We didn't apply for a school place for DS1. He'll be 5 in October & we've planned to HE since before he was born. I've had a few wobbles about whether it's the right thing for him but he didn't cope well in pre-school & we're in the process of getting him an ASD diagnosis so I think keeping him close where I can model/explain social behaviour for him is the best option. We're going for a fairly autonomous approach for now which seems to be working well. Not sure yet how long we'll HE for, we're just taking it one step at a time. smile

MrsSimonNeil Thu 21-Apr-16 15:58:56

cupcakes it sounds like your son has got on really well with HE this past year and you have lots of activities in mind for him. Like you I'd like to HE ds until at least age 7, maybe more. I agree with you that full time formal learning at age 4 is bonkers. I know some children cope with it very well but others really struggle. If school was a more flexible environment for learning I'd definitely consider sending him but in reality this is not the case.
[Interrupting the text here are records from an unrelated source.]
(* Fix $h\in\{2,\dots,H\}$. Let $\hat f=(\hat w,\hat\phi^F_{h-1},\hat\phi^B_h)$, i.e. $\hat f(x,a,x')=\hat w(\hat\phi^F_{h-1}(x),a,\hat\phi^B_h(x'))$, be the empirical square-loss risk minimizer over $\mathcal{F}_N$ on $n$ i.i.d. samples from $D$, and suppose $\mathbb{E}_D[(\hat f(x,a,x')-f^\star(x,a,x'))^2]\le\Delta_{reg}$ where $\Delta_{reg}=\frac{16(\ln|\Phi_N|+N^2|\mathcal{A}|\ln(n)+\ln(2/\delta))}{n}$. Then for each $i\in[N]$, $$\mathbb{E}_{D_{coup}}\big[1\{\hat\phi^B_h(x_1')=i=\hat\phi^B_h(x_2')\}\,|V(x_1',x_2',x,a)|\big]\le8\sqrt{b_i\Delta_{reg}}.$$
   Context: Block MDP: horizon $H$; finite latent states $\mathcal{S}=\sqcup_h\mathcal{S}_h$; countable observations $\mathcal{X}=\sqcup_h\mathcal{X}_h$; finite actions $\mathcal{A}$; transitions $T(\cdot\mid s,a)\in\Delta(\mathcal{S}_{h+1})$; emissions $q(\cdot\mid s)\in\Delta(\mathcal{X}_h)$ with disjoint supports, decoder $g^\star$; $T(x'\mid x,a)=q(x'\mid g^\star(x'))T(g^\star(x')\mid g^\star(x),a)$. $\Psi_{h-1}$ is a finite set of policies forming an $\alpha$-policy cover of $\mathcal{S}_{h-1}$ (so $\rho_h>0$ on reachable observations). $D$: draw two independent transitions $(x_j,a_j,x_j')$, each by rolling in to $x_j\in\mathcal{X}_{h-1}$ with a uniformly chosen policy of $\Psi_{h-1}$, $a_j\sim\mathrm{Unf}(\mathcal{A})$, $x_j'\sim T(\cdot\mid x_j,a_j)$; with probability $1/2$ output $(x_1,a_1,x_1',1)$, else $(x_1,a_1,x_2',0)$. $D(x,a)$ denotes the marginal of $(x_1,a_1)$ and $\rho_h$ the marginal of $x_1'$ on $\mathcal{X}_h$ (lifted to states by summing). $f^\star(x,a,x')=\frac{T(g^\star(x')\mid g^\star(x),a)}{T(g^\star(x')\mid g^\star(x),a)+\rho_h(g^\star(x'))}$. $D_{coup}$ is the distribution on $(x,a,x_1',x_2')$ with density $D(x,a)\rho_h(x_1')\rho_h(x_2')$. $V(x_1',x_2',x,a)=\frac{T(g^\star(x_1')\mid g^\star(x),a)}{\rho_h(g^\star(x_1'))}-\frac{T(g^\star(x_2')\mid g^\star(x),a)}{\rho_h(g^\star(x_2'))}$. $b_i=\mathbb{E}_{x'\sim\rho_h}[1\{\hat\phi^B_h(x')=i\}]$. $\Phi_N$ is a finite class of maps $\mathcal{X}\to[N]$; $\mathcal{W}_N$ all functions $[N]\times\mathcal{A}\times[N]\to[0,1]$; $\mathcal{F}_N=\{(x,a,x')\mapsto w(\phi^F(x),a,\phi^B(x'))\}$; $\delta\in(0,1)$. *)

theory Defs
  imports "HOL-Probability.Probability"
begin

text \<open>Latent states of type 's (finite), observations of type 'x (countable),
actions of type 'a (finite).  lvl s is the layer index of state s (layers 1..H),
mu0 the initial state distribution (on layer 1), Tr s a the latent transition T(. | s,a),
q s the emission distribution, g the decoder g*.  The observation layer X_h is
the set of x with lvl (g x) = h.\<close>

definition block_mdp ::
  "nat \<Rightarrow> ('s \<Rightarrow> nat) \<Rightarrow> 's pmf \<Rightarrow> ('s \<Rightarrow> 'a \<Rightarrow> 's pmf) \<Rightarrow> ('s \<Rightarrow> 'x pmf) \<Rightarrow> ('x \<Rightarrow> 's) \<Rightarrow> bool"
where
  "block_mdp H lvl mu0 Tr q g \<longleftrightarrow>
     (\<forall>s. 1 \<le> lvl s \<and> lvl s \<le> H) \<and>
     (\<forall>s\<in>set_pmf mu0. lvl s = 1) \<and>
     (\<forall>s a. lvl s < H \<longrightarrow> (\<forall>s'\<in>set_pmf (Tr s a). lvl s' = lvl s + 1)) \<and>
     (\<forall>s. \<forall>x\<in>set_pmf (q s). g x = s)"

definition obsT ::
  "('s \<Rightarrow> 'a \<Rightarrow> 's pmf) \<Rightarrow> ('s \<Rightarrow> 'x pmf) \<Rightarrow> ('x \<Rightarrow> 's) \<Rightarrow> 'x \<Rightarrow> 'a \<Rightarrow> 'x pmf"
where
  "obsT Tr q g x a = bind_pmf (Tr (g x) a) q"

text \<open>Distribution of the observation x_k (k >= 1) when executing the (randomized)
policy p from the start; index 0 is a junk copy of index 1.\<close>
primrec roll_in ::
  "'s pmf \<Rightarrow> ('s \<Rightarrow> 'a \<Rightarrow> 's pmf) \<Rightarrow> ('s \<Rightarrow> 'x pmf) \<Rightarrow> ('x \<Rightarrow> 's) \<Rightarrow> ('x \<Rightarrow> 'a pmf) \<Rightarrow> nat \<Rightarrow> 'x pmf"
where
  "roll_in mu0 Tr q g p 0 = bind_pmf mu0 q"
| "roll_in mu0 Tr q g p (Suc k) =
     (if k = 0 then bind_pmf mu0 q
      else bind_pmf (roll_in mu0 Tr q g p k) (\<lambda>x. bind_pmf (p x) (\<lambda>a. obsT Tr q g x a)))"

definition visit_prob ::
  "'s pmf \<Rightarrow> ('s \<Rightarrow> 'a \<Rightarrow> 's pmf) \<Rightarrow> ('s \<Rightarrow> 'x pmf) \<Rightarrow> ('x \<Rightarrow> 's) \<Rightarrow> ('x \<Rightarrow> 'a pmf) \<Rightarrow> nat \<Rightarrow> 's \<Rightarrow> real"
where
  "visit_prob mu0 Tr q g p k s = measure_pmf.prob (roll_in mu0 Tr q g p k) {x. g x = s}"

definition policy_cover ::
  "('s \<Rightarrow> nat) \<Rightarrow> 's pmf \<Rightarrow> ('s \<Rightarrow> 'a \<Rightarrow> 's pmf) \<Rightarrow> ('s \<Rightarrow> 'x pmf) \<Rightarrow> ('x \<Rightarrow> 's)
   \<Rightarrow> real \<Rightarrow> ('x \<Rightarrow> 'a pmf) set \<Rightarrow> nat \<Rightarrow> bool"
where
  "policy_cover lvl mu0 Tr q g \<alpha> Psi k \<longleftrightarrow>
     (\<forall>s. lvl s = k \<longrightarrow>
        (\<exists>p\<in>Psi. visit_prob mu0 Tr q g p k s \<ge> \<alpha> * (SUP p'. visit_prob mu0 Tr q g p' k s)))"

definition D_xa ::
  "'s pmf \<Rightarrow> ('s \<Rightarrow> 'a::finite \<Rightarrow> 's pmf) \<Rightarrow> ('s \<Rightarrow> 'x pmf) \<Rightarrow> ('x \<Rightarrow> 's) \<Rightarrow> ('x \<Rightarrow> 'a pmf) set \<Rightarrow> nat
   \<Rightarrow> ('x \<times> 'a) pmf"
where
  "D_xa mu0 Tr q g Psi h =
     bind_pmf (pmf_of_set Psi) (\<lambda>p.
     bind_pmf (roll_in mu0 Tr q g p (h - 1)) (\<lambda>x.
     bind_pmf (pmf_of_set UNIV) (\<lambda>a. return_pmf (x, a))))"

definition rho ::
  "'s pmf \<Rightarrow> ('s \<Rightarrow> 'a::finite \<Rightarrow> 's pmf) \<Rightarrow> ('s \<Rightarrow> 'x pmf) \<Rightarrow> ('x \<Rightarrow> 's) \<Rightarrow> ('x \<Rightarrow> 'a pmf) set \<Rightarrow> nat \<Rightarrow> 'x pmf"
where
  "rho mu0 Tr q g Psi h = bind_pmf (D_xa mu0 Tr q g Psi h) (\<lambda>(x, a). obsT Tr q g x a)"

definition rho_s ::
  "'s pmf \<Rightarrow> ('s \<Rightarrow> 'a::finite \<Rightarrow> 's pmf) \<Rightarrow> ('s \<Rightarrow> 'x pmf) \<Rightarrow> ('x \<Rightarrow> 's) \<Rightarrow> ('x \<Rightarrow> 'a pmf) set \<Rightarrow> nat \<Rightarrow> 's \<Rightarrow> real"
where
  "rho_s mu0 Tr q g Psi h s = measure_pmf.prob (rho mu0 Tr q g Psi h) {x. g x = s}"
Is there anyway you could work evenings and weekends around HE or send him to a HE childminder while you work? ( I don't know how common these are but I've heard about them) I'm just coming to the end of my training course and I hope to be able to work around HE, I'm sure it wont be easy though.

rara can I ask what letter you are writing to the LA? I was just going to decline the place on the online admissions form

raracleopatra Thu 21-Apr-16 16:55:35

Mrs - I don't know I was just guessing I ought to put it in writing but maybe I don't need to?

MrsSimonNeil Fri 22-Apr-16 10:32:33

I have just declined our school place and there is a space for you to add why you are doing so. I just wrote a couple of sentences stating that we will be home educating until we feel that a school environment will be beneficial to our son. (this may be never!)

I feel elated and terrified at the same time! shock

baddyface Fri 22-Apr-16 10:45:20

Congratulations MrsSimonNeil.

We home ed our 7 year old. We took her out of Y2 a few weeks ago. It's great. Much easier than I thought.

We have to to decide what to do with my younger dd who has a place to start in September. I'm torn to be honest as feel that my older daughter has made some great friends at school and don't want her to miss the chance to see children every day at school and make equally good friends. Although I do really know that I will make sure she has opportunities to do that while we home ed. it's just scary actually making the decision and telling the authorities isn't it?!

raracleopatra Fri 22-Apr-16 13:38:50

Mrs it sounds like your offer letter must be different to mine, well done on taking that step!